▸ **TASK OBJECTIVE**
Pull each line containing "proof" out of the listing below.

▸ **RECORDS SUPPLIED**

text \<open>Integrate out coordinate \<open>k\<close> first and apply Hoeffding's lemma to the conditional
  moment generating function.\<close>
lemma McDiarmid_mgf_insert:
  fixes f :: "(nat \<Rightarrow> 'b) \<Rightarrow> real"
  assumes f: "f \<in> borel_measurable (PiM (insert k I) M)"
    and B: "\<And>x. x \<in> space (PiM (insert k I) M) \<Longrightarrow> \<bar>f x\<bar> \<le> B"
    and bd: "bounded_differences (insert k I) M c f"
    and I: "finite I" "k \<notin> I" and l: "l > 0"
  defines "g \<equiv> \<lambda>x. \<integral>y. f (x(k := y)) \<partial>M k"
  shows "(\<integral>\<^sup>+x. exp (l * (f x - (\<integral>y. f y \<partial>PiM (insert k I) M))) \<partial>PiM (insert k I) M)
           \<le> (\<integral>\<^sup>+x. exp (l * (g x - (\<integral>y. g y \<partial>PiM I M))) \<partial>PiM I M) * exp (l\<^sup>2 * (c k)\<^sup>2 / 2)"
proof -
  interpret product_prob_space M
    by (simp add: prob_space_M product_prob_space_def product_prob_space_axioms_def
        product_sigma_finite_def prob_space_imp_sigma_finite)
  have g: "g \<in> borel_measurable (PiM I M)"
    using marginal_bounded_differences(1)[OF f B bd I(2)] by (simp add: g_def)
  define Eg where "Eg = (\<integral>x. g x \<partial>PiM I M)"
  have Ef: "(\<integral>x. f x \<partial>PiM (insert k I) M) = Eg"
    unfolding Eg_def g_def using I
    by (intro product_integral_insert prob_space.integrable_of_bounded[OF prob_space_PiM_M f B])
  have joint: "(\<lambda>(x, y). f (x(k := y))) \<in> borel_measurable (PiM I M \<Otimes>\<^sub>M M k)"
    using measurable_comp[OF measurable_add_dim f] by (simp add: comp_def case_prod_unfold)
  have conditional: "(\<integral>\<^sup>+y. exp (l * (f (x(k := y)) - g x)) \<partial>M k) \<le> exp (l\<^sup>2 * (c k)\<^sup>2 / 2)"
    if x: "x \<in> space (PiM I M)" for x
    unfolding g_def
  proof (rule prob_space.Hoeffdings_lemma_oscillation[OF prob_space_M measurable_Pair2[OF joint x, simplified] _ l])
    fix y y' assume "y \<in> space (M k)" "y' \<in> space (M k)"
    then show "\<bar>f (x(k := y)) - f (x(k := y'))\<bar> \<le> c k"
      using bounded_differencesD[OF bd _ space_PiM_fun_upd[OF x], of k y y'] by simp
  qed
  have "(\<integral>\<^sup>+x. exp (l * (f x - Eg)) \<partial>PiM (insert k I) M)
      = (\<integral>\<^sup>+x. (\<integral>\<^sup>+y. exp (l * (f (x(k := y)) - Eg)) \<partial>M k) \<partial>PiM I M)"
    using f I by (intro product_nn_integral_insert) auto
  also have "\<dots> = (\<integral>\<^sup>+x. exp (l * (g x - Eg)) * (\<integral>\<^sup>+y. exp (l * (f (x(k := y)) - g x)) \<partial>M k) \<partial>PiM I M)"
  proof (intro nn_integral_cong)
    fix x assume x: "x \<in> space (PiM I M)"
    have "(\<integral>\<^sup>+y. exp (l * (f (x(k := y)) - Eg)) \<partial>M k)
        = (\<integral>\<^sup>+y. ennreal (exp (l * (g x - Eg))) * exp (l * (f (x(k := y)) - g x)) \<partial>M k)"
      by (intro nn_integral_cong) (simp add: mult_exp_exp algebra_simps flip: ennreal_mult)
    also have "\<dots> = exp (l * (g x - Eg)) * (\<integral>\<^sup>+y. exp (l * (f (x(k := y)) - g x)) \<partial>M k)"
      using measurable_Pair2[OF joint x] by (intro nn_integral_cmult) auto
    finally show "(\<integral>\<^sup>+y. exp (l * (f (x(k := y)) - Eg)) \<partial>M k)
        = exp (l * (g x - Eg)) * (\<integral>\<^sup>+y. exp (l * (f (x(k := y)) - g x)) \<partial>M k)" .
  qed
  also have "\<dots> \<le> (\<integral>\<^sup>+x. exp (l * (g x - Eg)) * ennreal (exp (l\<^sup>2 * (c k)\<^sup>2 / 2)) \<partial>PiM I M)"
    by (intro nn_integral_mono mult_left_mono conditional) auto
  also have "\<dots> = (\<integral>\<^sup>+x. exp (l * (g x - Eg)) \<partial>PiM I M) * exp (l\<^sup>2 * (c k)\<^sup>2 / 2)"
    using g by (intro nn_integral_multc) auto
  finally show ?thesis unfolding Ef Eg_def .
qed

▸ **RESPONSE FOR THIS EXERCISE**
proof -
  proof (rule prob_space.Hoeffdings_lemma_oscillation[OF prob_space_M measurable_Pair2[OF joint x, simplified] _ l])
  proof (intro nn_integral_cong)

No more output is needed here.